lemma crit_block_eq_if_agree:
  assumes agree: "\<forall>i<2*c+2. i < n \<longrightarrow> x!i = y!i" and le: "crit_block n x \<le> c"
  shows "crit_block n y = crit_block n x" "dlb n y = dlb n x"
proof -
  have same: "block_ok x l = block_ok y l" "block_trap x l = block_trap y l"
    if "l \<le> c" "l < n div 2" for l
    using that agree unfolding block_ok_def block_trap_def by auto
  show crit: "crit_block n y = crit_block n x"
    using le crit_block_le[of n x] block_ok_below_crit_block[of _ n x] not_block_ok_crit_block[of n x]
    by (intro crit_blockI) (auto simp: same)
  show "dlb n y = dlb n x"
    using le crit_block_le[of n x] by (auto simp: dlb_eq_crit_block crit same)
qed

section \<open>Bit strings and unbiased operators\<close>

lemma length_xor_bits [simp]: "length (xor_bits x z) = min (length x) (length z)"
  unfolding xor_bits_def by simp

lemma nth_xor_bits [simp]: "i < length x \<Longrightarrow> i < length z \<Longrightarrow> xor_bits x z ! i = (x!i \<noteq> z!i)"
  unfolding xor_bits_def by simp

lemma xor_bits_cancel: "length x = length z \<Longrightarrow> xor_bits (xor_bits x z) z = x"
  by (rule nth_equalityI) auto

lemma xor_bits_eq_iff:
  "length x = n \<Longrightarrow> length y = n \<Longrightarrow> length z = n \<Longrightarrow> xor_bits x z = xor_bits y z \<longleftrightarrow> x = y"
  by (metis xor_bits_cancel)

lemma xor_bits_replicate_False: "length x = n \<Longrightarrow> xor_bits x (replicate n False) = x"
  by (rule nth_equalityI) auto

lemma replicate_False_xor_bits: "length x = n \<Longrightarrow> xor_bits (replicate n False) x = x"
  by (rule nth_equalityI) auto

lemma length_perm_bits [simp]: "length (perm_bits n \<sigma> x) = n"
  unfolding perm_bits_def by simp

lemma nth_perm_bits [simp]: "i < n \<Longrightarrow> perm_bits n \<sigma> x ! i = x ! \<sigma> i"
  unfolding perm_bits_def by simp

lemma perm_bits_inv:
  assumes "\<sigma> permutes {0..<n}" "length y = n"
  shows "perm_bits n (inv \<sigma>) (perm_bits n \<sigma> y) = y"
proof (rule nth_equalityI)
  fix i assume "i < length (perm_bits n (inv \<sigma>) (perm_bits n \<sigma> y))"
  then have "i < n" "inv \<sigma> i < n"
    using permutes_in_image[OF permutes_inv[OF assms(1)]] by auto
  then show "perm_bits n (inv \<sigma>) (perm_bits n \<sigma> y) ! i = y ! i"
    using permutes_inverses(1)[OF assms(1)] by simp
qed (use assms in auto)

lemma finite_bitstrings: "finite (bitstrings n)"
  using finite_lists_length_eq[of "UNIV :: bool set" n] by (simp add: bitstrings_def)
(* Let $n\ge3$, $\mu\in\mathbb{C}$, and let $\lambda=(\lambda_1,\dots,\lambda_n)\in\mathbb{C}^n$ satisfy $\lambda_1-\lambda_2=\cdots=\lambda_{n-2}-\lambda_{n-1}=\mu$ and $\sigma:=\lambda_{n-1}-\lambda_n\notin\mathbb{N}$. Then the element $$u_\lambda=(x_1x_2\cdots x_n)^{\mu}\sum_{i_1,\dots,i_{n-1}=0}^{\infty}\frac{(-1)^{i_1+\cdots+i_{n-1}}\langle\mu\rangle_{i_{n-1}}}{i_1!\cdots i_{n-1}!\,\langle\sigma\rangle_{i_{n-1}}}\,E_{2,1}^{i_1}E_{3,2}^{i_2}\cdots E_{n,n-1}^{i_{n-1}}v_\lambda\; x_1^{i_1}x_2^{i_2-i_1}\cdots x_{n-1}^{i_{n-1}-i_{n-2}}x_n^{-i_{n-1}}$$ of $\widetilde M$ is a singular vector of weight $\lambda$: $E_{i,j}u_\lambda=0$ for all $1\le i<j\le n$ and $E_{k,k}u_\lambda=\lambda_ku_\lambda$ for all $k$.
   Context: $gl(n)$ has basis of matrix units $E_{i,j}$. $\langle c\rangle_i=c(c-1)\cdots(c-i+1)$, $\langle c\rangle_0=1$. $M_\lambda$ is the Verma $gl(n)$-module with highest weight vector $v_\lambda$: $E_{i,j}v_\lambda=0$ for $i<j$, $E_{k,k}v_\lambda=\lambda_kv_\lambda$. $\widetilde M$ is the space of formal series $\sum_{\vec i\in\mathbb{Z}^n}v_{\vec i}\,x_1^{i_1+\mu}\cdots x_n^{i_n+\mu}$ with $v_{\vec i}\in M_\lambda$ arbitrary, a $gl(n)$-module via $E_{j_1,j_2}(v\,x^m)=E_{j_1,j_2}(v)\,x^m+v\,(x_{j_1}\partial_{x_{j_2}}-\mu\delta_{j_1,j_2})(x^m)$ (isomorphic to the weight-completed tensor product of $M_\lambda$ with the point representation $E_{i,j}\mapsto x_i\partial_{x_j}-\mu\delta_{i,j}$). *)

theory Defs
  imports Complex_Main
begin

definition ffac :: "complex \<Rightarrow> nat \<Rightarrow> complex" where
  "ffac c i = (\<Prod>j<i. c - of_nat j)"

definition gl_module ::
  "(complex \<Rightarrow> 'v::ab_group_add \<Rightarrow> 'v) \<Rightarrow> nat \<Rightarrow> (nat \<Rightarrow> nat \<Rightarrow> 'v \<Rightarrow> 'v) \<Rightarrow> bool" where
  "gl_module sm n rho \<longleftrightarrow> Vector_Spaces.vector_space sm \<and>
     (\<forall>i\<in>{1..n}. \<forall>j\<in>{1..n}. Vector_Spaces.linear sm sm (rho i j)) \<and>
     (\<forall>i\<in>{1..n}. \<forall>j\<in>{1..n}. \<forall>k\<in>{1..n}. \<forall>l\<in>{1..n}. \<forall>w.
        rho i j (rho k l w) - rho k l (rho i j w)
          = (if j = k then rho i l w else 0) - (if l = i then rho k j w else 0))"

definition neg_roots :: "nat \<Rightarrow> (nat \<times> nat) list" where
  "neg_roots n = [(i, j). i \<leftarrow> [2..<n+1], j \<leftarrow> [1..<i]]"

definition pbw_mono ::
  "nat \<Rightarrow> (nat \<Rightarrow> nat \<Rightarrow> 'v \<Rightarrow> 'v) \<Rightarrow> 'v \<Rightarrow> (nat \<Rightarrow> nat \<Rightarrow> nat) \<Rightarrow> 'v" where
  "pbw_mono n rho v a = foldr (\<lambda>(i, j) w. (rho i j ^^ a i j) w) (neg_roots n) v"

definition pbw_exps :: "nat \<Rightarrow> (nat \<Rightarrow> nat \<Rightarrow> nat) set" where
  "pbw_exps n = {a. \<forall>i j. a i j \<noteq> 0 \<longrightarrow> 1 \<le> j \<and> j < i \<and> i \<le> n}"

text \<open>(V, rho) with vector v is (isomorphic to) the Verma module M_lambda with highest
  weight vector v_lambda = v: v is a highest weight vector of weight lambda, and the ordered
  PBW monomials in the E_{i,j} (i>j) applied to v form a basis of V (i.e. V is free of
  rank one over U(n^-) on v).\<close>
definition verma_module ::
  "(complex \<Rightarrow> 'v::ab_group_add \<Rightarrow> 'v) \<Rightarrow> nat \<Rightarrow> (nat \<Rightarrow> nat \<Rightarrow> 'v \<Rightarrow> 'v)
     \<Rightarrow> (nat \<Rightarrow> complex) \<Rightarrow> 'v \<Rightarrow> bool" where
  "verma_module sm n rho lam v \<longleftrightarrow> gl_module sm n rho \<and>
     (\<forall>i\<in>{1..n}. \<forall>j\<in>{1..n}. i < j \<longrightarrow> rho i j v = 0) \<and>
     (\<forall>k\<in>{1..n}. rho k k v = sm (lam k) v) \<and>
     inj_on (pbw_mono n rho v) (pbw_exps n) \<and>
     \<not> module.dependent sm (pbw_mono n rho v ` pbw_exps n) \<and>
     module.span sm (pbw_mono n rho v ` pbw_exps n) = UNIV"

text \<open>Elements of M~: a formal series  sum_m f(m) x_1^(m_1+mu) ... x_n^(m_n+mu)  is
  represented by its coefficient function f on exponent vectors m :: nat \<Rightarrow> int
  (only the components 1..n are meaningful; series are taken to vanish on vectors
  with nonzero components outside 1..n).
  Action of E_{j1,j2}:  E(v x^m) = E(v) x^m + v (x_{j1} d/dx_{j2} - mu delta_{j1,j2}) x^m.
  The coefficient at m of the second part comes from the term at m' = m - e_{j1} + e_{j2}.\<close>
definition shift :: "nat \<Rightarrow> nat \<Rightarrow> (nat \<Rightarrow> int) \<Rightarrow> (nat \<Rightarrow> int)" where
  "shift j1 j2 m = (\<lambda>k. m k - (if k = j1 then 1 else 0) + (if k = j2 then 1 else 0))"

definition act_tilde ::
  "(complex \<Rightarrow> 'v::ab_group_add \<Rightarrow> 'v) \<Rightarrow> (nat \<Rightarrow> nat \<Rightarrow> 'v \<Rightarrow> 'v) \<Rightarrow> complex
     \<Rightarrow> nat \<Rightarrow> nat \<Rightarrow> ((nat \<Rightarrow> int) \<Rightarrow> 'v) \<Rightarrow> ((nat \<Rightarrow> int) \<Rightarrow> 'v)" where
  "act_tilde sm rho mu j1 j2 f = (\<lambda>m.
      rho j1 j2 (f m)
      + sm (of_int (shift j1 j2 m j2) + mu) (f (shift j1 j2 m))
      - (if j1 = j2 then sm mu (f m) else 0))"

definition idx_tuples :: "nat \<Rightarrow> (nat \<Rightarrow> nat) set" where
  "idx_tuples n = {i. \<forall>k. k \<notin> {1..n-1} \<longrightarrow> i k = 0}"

▸ **The task**
Search the listing above for the lines with "by (metis xor_bits_cancel)" and "for all $k$.", then output those lines and all lines between them exactly.

▸ **Output of the task**
  by (metis xor_bits_cancel)

lemma xor_bits_replicate_False: "length x = n \<Longrightarrow> xor_bits x (replicate n False) = x"
  by (rule nth_equalityI) auto

lemma replicate_False_xor_bits: "length x = n \<Longrightarrow> xor_bits (replicate n False) x = x"
  by (rule nth_equalityI) auto

lemma length_perm_bits [simp]: "length (perm_bits n \<sigma> x) = n"
  unfolding perm_bits_def by simp

lemma nth_perm_bits [simp]: "i < n \<Longrightarrow> perm_bits n \<sigma> x ! i = x ! \<sigma> i"
  unfolding perm_bits_def by simp

lemma perm_bits_inv:
  assumes "\<sigma> permutes {0..<n}" "length y = n"
  shows "perm_bits n (inv \<sigma>) (perm_bits n \<sigma> y) = y"
proof (rule nth_equalityI)
  fix i assume "i < length (perm_bits n (inv \<sigma>) (perm_bits n \<sigma> y))"
  then have "i < n" "inv \<sigma> i < n"
    using permutes_in_image[OF permutes_inv[OF assms(1)]] by auto
  then show "perm_bits n (inv \<sigma>) (perm_bits n \<sigma> y) ! i = y ! i"
    using permutes_inverses(1)[OF assms(1)] by simp
qed (use assms in auto)

lemma finite_bitstrings: "finite (bitstrings n)"
  using finite_lists_length_eq[of "UNIV :: bool set" n] by (simp add: bitstrings_def)
(* Let $n\ge3$, $\mu\in\mathbb{C}$, and let $\lambda=(\lambda_1,\dots,\lambda_n)\in\mathbb{C}^n$ satisfy $\lambda_1-\lambda_2=\cdots=\lambda_{n-2}-\lambda_{n-1}=\mu$ and $\sigma:=\lambda_{n-1}-\lambda_n\notin\mathbb{N}$. Then the element $$u_\lambda=(x_1x_2\cdots x_n)^{\mu}\sum_{i_1,\dots,i_{n-1}=0}^{\infty}\frac{(-1)^{i_1+\cdots+i_{n-1}}\langle\mu\rangle_{i_{n-1}}}{i_1!\cdots i_{n-1}!\,\langle\sigma\rangle_{i_{n-1}}}\,E_{2,1}^{i_1}E_{3,2}^{i_2}\cdots E_{n,n-1}^{i_{n-1}}v_\lambda\; x_1^{i_1}x_2^{i_2-i_1}\cdots x_{n-1}^{i_{n-1}-i_{n-2}}x_n^{-i_{n-1}}$$ of $\widetilde M$ is a singular vector of weight $\lambda$: $E_{i,j}u_\lambda=0$ for all $1\le i<j\le n$ and $E_{k,k}u_\lambda=\lambda_ku_\lambda$ for all $k$.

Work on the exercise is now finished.